The best runs of the model are above. The best optimizer is adam, and the best dropout rate is 0.2. Run 6 is the best parameters out of the 3, because the binary accuracy is highest of 0.9759, and the binary accuracy of the validation set is *very* close at 0.9750. This means that the model is not overfitting, and is performing well with train *and* validation data. Now that we know which run has the best parameters, those parameters are what I will use to tune the model. 

### Tuning HParams

In [None]:
# Instantiating model 2

model2 = models.Sequential()
    
#Adding CNN input layer
model2.add(layers.Conv2D(32, (3,3), activation = 'relu', input_shape = (224, 224, 3)))
model2.add(layers.MaxPooling2D(2,2))

# Adding 0.2 to .Dropout since that was the best dropout parameter
model2.add(layers.Dropout(0.2))
    
#Adding Dense hidden layer
model2.add(layers.Flatten())

# Adding best num_units to dense layer
model2.add(layers.Dense(64, activation = 'relu'))
model2.add(layers.Dropout(0.2))
    
#Adding output layer
model2.add(layers.Dense(1, activation = 'sigmoid'))
  
#Looping through optimizers and learning rates

#Compiling model
model2.compile(loss= 'binary_crossentropy', 
optimizer= optimizers.Adam(lr = 1e-4), 
metrics= tf.keras.metrics.BinaryAccuracy(name="binary_accuracy", dtype=None, threshold=0.5))

In [None]:
# Printing the summary for model 2

model2.summary()

In [None]:
#Fitting model 2

history_hparams=model2.fit(
train_generator, #Using train data
steps_per_epoch=30, #Keeping 30 steps
epochs=10, #Keeping 10 epochs
validation_data=validation_generator, #Using validation data
class_weight = class_weight, #Adding weights to deal with imbalance
validation_steps=10, #Keeping 10 steps
)

In [None]:
# Calling the plot history function created earlier

plot_history(history_hparams)

With the graphs above of the accuracy and the loss function, the model typically wasn't running like this. I haven't ran it again, but I will continue to dry a different model.

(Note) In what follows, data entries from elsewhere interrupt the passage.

(* For all closed closures $(t,e)$ and $(s,d)$, $(t, e) \approx_{\mathrm{app}} (s, d)$ if and only if $\langle t, e, []\rangle_{\mathrm{ev}} \approx \langle s, d, []\rangle_{\mathrm{ev}}$, where $\approx$ is machine bisimilarity on configurations of the AB machine.
   Context: De Bruijn terms $t,s ::= n \mid t\,s \mid \lambda.t$ ($n\in\mathbb N$); closures $\sigma ::= (t,e)$; environments $e,d ::= \sigma :: e \mid \varepsilon$; stacks $\pi ::= \sigma::\pi \mid []$; application stacks $\rho ::= (t,\kappa)::\rho \mid \epsilon$ with $\kappa\in\mathbb N$. A term is closed if it has no free indices; a closure $(t,e)$ is closed if the length of $e$ exceeds the largest free index of $t$ and all closures in $e$ are closed. AB machine configurations: $\langle t, e, \pi\rangle_{\mathrm{ev}}$, $\langle n, \rho, \sigma\rangle_{\mathrm{ind}}$, $\langle t, \kappa, \rho, \sigma\rangle_{\mathrm{tm}}$. Transitions (labelled by $\tau$ or by a flag): $\langle t\,s, e, \pi\rangle_{\mathrm{ev}} \xrightarrow\tau \langle t, e, (s,e)::\pi\rangle_{\mathrm{ev}}$; $\langle 0, (t,e)::d, \pi\rangle_{\mathrm{ev}}\xrightarrow\tau\langle t,e,\pi\rangle_{\mathrm{ev}}$; $\langle n+1, (t,e)::d,\pi\rangle_{\mathrm{ev}} \xrightarrow\tau\langle n, d,\pi\rangle_{\mathrm{ev}}$; $\langle\lambda.t, e, \sigma::\pi\rangle_{\mathrm{ev}} \xrightarrow\tau \langle t, \sigma::e,\pi\rangle_{\mathrm{ev}}$; $\langle \lambda.t, e, []\rangle_{\mathrm{ev}} \xrightarrow{\mathsf{arg}} \langle 0, \epsilon, (t,e)\rangle_{\mathrm{ind}}$; $\langle n,\rho,\sigma\rangle_{\mathrm{ind}}\xrightarrow{\mathsf{suc}}\langle n+1,\rho,\sigma\rangle_{\mathrm{ind}}$; $\langle n,\rho,\sigma\rangle_{\mathrm{ind}}\xrightarrow{\mathsf{var}}\langle n, n+1,\rho,\sigma\rangle_{\mathrm{tm}}$; $\langle t,\kappa+1,\rho,\sigma\rangle_{\mathrm{tm}}\xrightarrow{\mathsf{lam}}\langle\lambda.t,\kappa,\rho,\sigma\rangle_{\mathrm{tm}}$; $\langle t,0,\rho,\sigma\rangle_{\mathrm{tm}}\xrightarrow{\mathsf{lam}}\langle\lambda.t,0,\rho,\sigma\rangle_{\mathrm{tm}}$; $\langle t,\kappa,\rho,\sigma\rangle_{\mathrm{tm}}\xrightarrow{\mathsf{appfun}}\langle 0, (t,\kappa)::\rho,\sigma\rangle_{\mathrm{ind}}$; $\langle s,\kappa_1,(t,\kappa_2)::\rho,\sigma\rangle_{\mathrm{tm}}\xrightarrow{\mathsf{app}}\langle t\,s,\max(\kappa_1,\kappa_2),\rho,\sigma\rangle_{\mathrm{tm}}$; $\langle t, 0, \epsilon, (s,e)\rangle_{\mathrm{tm}}\xrightarrow{\mathsf{done}}\langle s, (t,\varepsilon)::e, []\rangle_{\mathrm{ev}}$. The $\tau$-transitions alone form the (environment-based) KAM, written $\to_\tau$. Applicative bisimulation: a symmetric relation $\mathcal R$ on closed closures such that $(t,e)\mathcal R(s,d)$ and $\langle t,e,[]\rangle_{\mathrm{ev}}\xrightarrow\tau^*\langle\lambda.t',e',[]\rangle_{\mathrm{ev}}$ imply there exist $s',d'$ with $\langle s,d,[]\rangle_{\mathrm{ev}}\xrightarrow\tau^*\langle\lambda.s',d',[]\rangle_{\mathrm{ev}}$ and, for all closed terms $t''$, $(t',(t'',\varepsilon)::e')\,\mathcal R\,(s',(t'',\varepsilon)::d')$. $\approx_{\mathrm{app}}$ is the largest applicative bisimulation. Machine bisimulation: a symmetric relation $\mathcal R$ on configurations such that $C_1\mathcal RC_2$ implies, for every flag $F$: if $C_1\xrightarrow\tau^*\xrightarrow F C_1'$ then $C_2\xrightarrow\tau^*\xrightarrow F C_2'$ for some $C_2'$ with $C_1'\mathcal RC_2'$; and if $C_1\xrightarrow\tau^*\xrightarrow F$ by a terminating transition, then so does $C_2$. $\approx$ is the largest machine bisimulation. *)

theory Defs
  imports Main
begin
theorem theorem3p3:
  fixes K :: "(real^'n) set" and A U V F G :: "real^'n^'n"
  assumes "proper_cone K"
    and "invertible A"
    and "K_regular_splitting K A U V" and "convergent_splitting U V"
    and "K_weak_regular_splitting_II K U F G" and "convergent_splitting F G"
    and "V ** matrix_inv F ** G = G ** matrix_inv F ** V"
  shows "\<forall>s\<ge>1. spectral_radius (two_stage_T F G V s) < 1 \<and>
           (\<forall>b x0. (\<lambda>k. two_stage_iter F G V s b x0 k) \<longlonglongrightarrow> matrix_inv A *v b)"
proof (intro allI impI conjI)
  fix s :: nat assume "s \<ge> 1"
  define R where "R = two_stage_R F G s"
  have F: "invertible F" "invertible (F - G)" and A: "A = F - G - V"
    using assms(3,5) by (simp_all add: K_regular_splitting_def K_weak_regular_splitting_II_def)
  have R: "invertible R"
    unfolding R_def using F assms(6) \<open>s \<ge> 1\<close>
    by (intro invertible_two_stage_R) (simp_all add: convergent_splitting_def)
  have T: "two_stage_T F G V s = mat 1 - R ** A"
    using two_stage_T_eq[OF F(1)] A by (simp add: R_def)
  have "convergent_splitting (matrix_inv R) (matrix_inv R - A)"
    unfolding R_def
    by (rule K_weak_regular_splitting_II_convergent[OF assms(1)
          two_stage_weak_regular_splitting[OF assms(1,3,5,6)] assms(2)
          K_regular_splitting_inverse_nonneg[OF assms(1,3,4)]])
      (use \<open>s \<ge> 1\<close> in simp)
  then show sr: "spectral_radius (two_stage_T F G V s) < 1"
    by (simp add: convergent_splitting_matrix_inv[OF R] T)
  fix b x0
  have "A *v (matrix_inv A *v b) = b"
    by (simp add: matrix_vector_mul_assoc matrix_inv_left_right[OF assms(2)])
  then have "two_stage_T F G V s *v (matrix_inv A *v b) + R *v b = matrix_inv A *v b"
    by (simp add: T matrix_vector_mult_diff_rdistrib matrix_vector_mul_assoc[symmetric])
  then show "(\<lambda>k. two_stage_iter F G V s b x0 k) \<longlonglongrightarrow> matrix_inv A *v b"
    unfolding two_stage_iter_def two_stage_c_eq R_def[symmetric]
    by (rule affine_iteration_tendsto[OF sr])
qed

end
lemma C_mult: "C (a * b) = C a * C b"
  by (simp add: C_def mult_single)

lemma C_one: "C 1 = 1"
  by (simp add: C_def)

lemma C_of_nat: "C (real k) = of_nat k"
  by (simp add: C_def)

lemma C_inverse_of_nat_cancel: "k \<noteq> 0 \<Longrightarrow> C (1 / real k) * (of_nat k * y) = y"
  by (simp add: C_of_nat[symmetric] mult.assoc[symmetric] C_mult[symmetric] C_one)

lemma diag_mult_in_I:
  assumes a: "a \<in> {2..n}" and b: "b \<in> {2..n}"
  shows "X a a * X a b \<in> I n"
proof -
  have "of_nat 3 * (X a a * X a b) = X a a * X a b + X a a * X a b + X a b * X a a"
    by (simp add: algebra_simps)
  then have "X a a * X a b = C (1 / real 3) * (X a a * X a b + X a a * X a b + X a b * X a a)"
    using C_inverse_of_nat_cancel[of 3 "X a a * X a b"] by simp
  then show ?thesis
    using I_mult_left[OF X_quadratic_in_I[OF a a a b]] by metis
qed

lemma row_cube_in_I:
  assumes a: "a \<in> {2..n}" and b: "b1 \<in> {2..n}" "b2 \<in> {2..n}" "b3 \<in> {2..n}"
  shows "X a b1 * X a b2 * X a b3 \<in> I n"
proof -
  let ?r = "X a a * X b1 b2 + X a b1 * X a b2 + X a b2 * X a b1"
  have "of_nat 2 * (X a b1 * X a b2 * X a b3) = X a b3 * ?r - X b1 b2 * (X a a * X a b3)"
    by (simp add: algebra_simps)
  then have "X a b1 * X a b2 * X a b3 = C (1 / real 2) * (X a b3 * ?r - X b1 b2 * (X a a * X a b3))"
    using C_inverse_of_nat_cancel[of 2 "X a b1 * X a b2 * X a b3"] by simp
  also have "\<dots> \<in> I n"
    by (intro I_mult_left I_diff X_quadratic_in_I diag_mult_in_I a b)
  finally show ?thesis .
qed
(* Let $\vartheta$ be a primitive semi-compatible random substitution on $\mathcal A=\{a_1,\dots,a_n\}$ with topological entropy $s$ and lower/upper inflation word entropies $\underline s_i^I$, $\overline s_i^I$. Then for all $1\leqslant i\leqslant n$ and all $m\in\mathbb N$, \[ \frac{1}{\lambda^m}\bm q_m^\intercal\bm R\;\leqslant\;\underline s_i^I\;\leqslant\;\overline s_i^I\;\leqslant\;s\;\leqslant\;\frac{1}{\lambda^m-1}\bm q_m^\intercal\bm R . \] In particular the limit $s^I=\lim_{m\to\infty}\frac{1}{\ell_{m,i}}\log(\#\vartheta^m(a_i))$ exists, is independent of $i$, and \[ s=s^I=\lim_{m\to\infty}\frac{1}{\lambda^m}\bm q_m^\intercal\bm R=\sup_{m\in\mathbb N}\frac{1}{\lambda^m}\bm q_m^\intercal\bm R . \]
   Context: Let $\mathcal A=\{a_1,\dots,a_n\}$ be a finite alphabet, $\mathcal A^+$ the finite non-empty words over $\mathcal A$. A random substitution is a map $\vartheta$ from $\mathcal A$ to finite non-empty subsets of $\mathcal A^+$, extended to words by $\vartheta(u_1\cdots u_m)=\{w_1\cdots w_m: w_k\in\vartheta(u_k)\}$ and to sets of words by unions; powers $\vartheta^m$ are compositions. $|u|_a$ is the number of occurrences of letter $a$ in $u$; $\Phi(u)=(|u|_{a_1},\dots,|u|_{a_n})^\intercal$. $\vartheta$ is semi-compatible if for each $a$ all words in $\vartheta(a)$ have the same $\Phi$; then all words in $\vartheta^m(a_i)$ have a common length $\ell_{m,i}$. Substitution matrix $M_{ij}=|u|_{a_i}$, $u\in\vartheta(a_j)$; primitive means $M$ primitive, with Perron–Frobenius eigenvalue $\lambda$ and right PF eigenvector $\bm R$, $\|\bm R\|_1=1$. $q_{m,i}=\log\#\vartheta^m(a_i)$, $\bm q_m=(q_{m,1},\dots,q_{m,n})^\intercal$. $\underline s_i^I=\liminf_{m\to\infty}q_{m,i}/\ell_{m,i}$, $\overline s_i^I=\limsup_{m\to\infty}q_{m,i}/\ell_{m,i}$. The language $\mathcal L$ is the set of all subwords of words in $\vartheta^m(a)$, $a\in\mathcal A$, $m\in\mathbb N$; $\mathcal L_\ell$ its words of length $\ell$; topological entropy $s=\lim_{\ell\to\infty}\frac1\ell\log\#\mathcal L_\ell$. *)

theory Defs
  imports "HOL-Analysis.Analysis" "HOL-Library.Liminf_Limsup"
begin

In the top graph above, the validation and training accuracy are plotted. The training accuracy curve is a much smoother curve than the validation curve, which means this second model is performing better on the validation set, but still not optimal performance. In the bottom graph that's above, the training loss and validation loss are plotted. The training loss shows how well the model is fitting the training data, and the validation loss shows how well the model fits new data. That being said, there is room to improve, so I'm going to check the predictions to determine next steps.

### HParams Predictions Check

In [None]:
model2_predsval = pred_labels(model2, validation_generator)

In [None]:
model2_predsval[1]

In [None]:
plot_roc_auc(model2_predsval[0], model2_predsval[1])

I'm not quite sure what went wrong with this model, because previously it didn't run this way, but regardless, I'm going to continue trying different models.

In [None]:
conf_matrix(model2_predsval[0], model2_predsval[1])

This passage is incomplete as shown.